[DATA TO EXAMINE]

(* Let $\{F_n\}$ be the Fibonacci sequence, $F_0=0$, $F_1=1$, $F_{n+2}=F_{n+1}+F_n$. Then \[ \{F_n\}=\sum_{k=0}^{\infty} I_0^{\,k+1}\{a_n[x^k/k!]\}_L , \] where the sum is taken termwise (for each index only finitely many summands are nonzero).
   Context: Sequences are indexed by $n=0,1,2,\dots$; sums of sequences are termwise. The insertion operator is $I_0\{a_n\}=0,a_0,a_1,a_2,\dots$, and $I_0^{j}$ denotes $j$-fold application. The left integral is $\mathcal{I}_L^0\{a_n\}=\{\sum_{k=0}^{n-1}a_k\}$ (empty sum $=0$). Define $\{a_n[x^0/0!]\}_L=\{1\}=1,1,1,\dots$, $\{a_n[x^1/1!]\}_L=\{n\}=0,1,2,\dots$, and for $k\ge 2$, $\{a_n[x^k/k!]\}_L=(\mathcal{I}_L^0)^{k-1}\{n\}$ (the $(k-1)$-fold left integral of $0,1,2,\dots$). *)

theory Defs
  imports Main
begin

text \<open>Sequences are functions nat => nat (all sequences involved are nonnegative integers).\<close>

fun Fibo :: "nat \<Rightarrow> nat" where
  "Fibo 0 = 0"
| "Fibo (Suc 0) = 1"
| "Fibo (Suc (Suc n)) = Fibo (Suc n) + Fibo n"

definition ins0 :: "(nat \<Rightarrow> nat) \<Rightarrow> nat \<Rightarrow> nat" where
  "ins0 a n = (case n of 0 \<Rightarrow> 0 | Suc m \<Rightarrow> a m)"

definition left_int :: "(nat \<Rightarrow> nat) \<Rightarrow> nat \<Rightarrow> nat" where
  "left_int a n = (\<Sum>k<n. a k)"

definition aL :: "nat \<Rightarrow> nat \<Rightarrow> nat" where
  "aL k = (if k = 0 then (\<lambda>n. 1)
           else if k = 1 then (\<lambda>n. n)
           else (left_int ^^ (k - 1)) (\<lambda>n. n))"

end

theory Submission
  imports Defs "HOL-Number_Theory.Fib"
begin

text \<open>By the hockey-stick identity, \<open>aL k\<close> is the column \<open>n \<mapsto> n choose k\<close> of Pascal's
  triangle, so the \<open>k\<close>-th summand is \<open>n \<mapsto> (n - 1 - k) choose k\<close> for \<open>k < n\<close> and \<open>0\<close>
  otherwise. The sum over \<open>k\<close> is therefore the shallow diagonal sum of Pascal's triangle,
  which is the Fibonacci number \<open>F\<^sub>n\<close>.\<close>

lemma funpow_ins0: "(ins0 ^^ j) a n = (if n < j then 0 else a (n - j))"
proof (induction j arbitrary: n)
  case 0
  then show ?case by simp
next
  case (Suc j)
  then show ?case by (cases n) (auto simp: ins0_def)
qed

lemma left_int_choose: "left_int (\<lambda>i. i choose k) n = n choose Suc k"
proof (cases n)
  case 0
  then show ?thesis by (simp add: left_int_def)
next
  case (Suc p)
  then show ?thesis
    using sum_choose_upper[of k p] by (simp add: left_int_def lessThan_Suc_atMost)
qed

lemma funpow_left_int_id: "(left_int ^^ m) (\<lambda>i. i) n = n choose Suc m"
proof (induction m arbitrary: n)
  case 0
  then show ?case by simp
next
  case (Suc m)
  then have "(left_int ^^ m) (\<lambda>i. i) = (\<lambda>i. i choose Suc m)"
    by blast
  then show ?case by (simp add: left_int_choose)
qed

lemma aL_eq_choose: "aL k n = n choose k"
  using funpow_left_int_id[of "k - 1" n] by (cases k) (auto simp: aL_def)

lemma shifted_aL_eq: "(ins0 ^^ Suc k) (aL k) n = (if k < n then (n - Suc k) choose k else 0)"
  by (simp add: funpow_ins0 aL_eq_choose del: funpow.simps)

lemma Fibo_eq_fib: "Fibo n = fib n"
  by (induction n rule: Fibo.induct) auto

lemma fib_eq_sum_diagonal: "fib n = (\<Sum>k<n. (n - Suc k) choose k)"
proof (cases n)
  case 0
  then show ?thesis by simp
next
  case (Suc p)
  then show ?thesis
    using ne_diagonal_fib[of p] by (simp add: atLeast0AtMost lessThan_Suc_atMost)
qed

theorem mainTheorem3:
  shows "\<forall>n. finite {k. (ins0 ^^ (k + 1)) (aL k) n \<noteq> 0} \<and>
             Fibo n = (\<Sum>k | (ins0 ^^ (k + 1)) (aL k) n \<noteq> 0. (ins0 ^^ (k + 1)) (aL k) n)"
proof
  fix n
  let ?t = "\<lambda>k. (ins0 ^^ (k + 1)) (aL k) n"
  have support: "{k. ?t k \<noteq> 0} \<subseteq> {..<n}"
    by (auto simp: shifted_aL_eq simp del: funpow.simps split: if_splits)
  have "(\<Sum>k | ?t k \<noteq> 0. ?t k) = (\<Sum>k<n. ?t k)"
    by (rule sum.mono_neutral_left) (use support in auto)
  also have "\<dots> = fib n"
    by (simp add: fib_eq_sum_diagonal shifted_aL_eq del: funpow.simps)
  finally show "finite {k. ?t k \<noteq> 0} \<and> Fibo n = (\<Sum>k | ?t k \<noteq> 0. ?t k)"
    using finite_subset[OF support] by (simp add: Fibo_eq_fib)
qed

end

[/DATA TO EXAMINE]

Whenever the word "definition" appears in a line of the listing, report that line.

→ EXERCISE RESPONSE
definition ins0 :: "(nat \<Rightarrow> nat) \<Rightarrow> nat \<Rightarrow> nat" where
definition left_int :: "(nat \<Rightarrow> nat) \<Rightarrow> nat \<Rightarrow> nat" where
definition aL :: "nat \<Rightarrow> nat \<Rightarrow> nat" where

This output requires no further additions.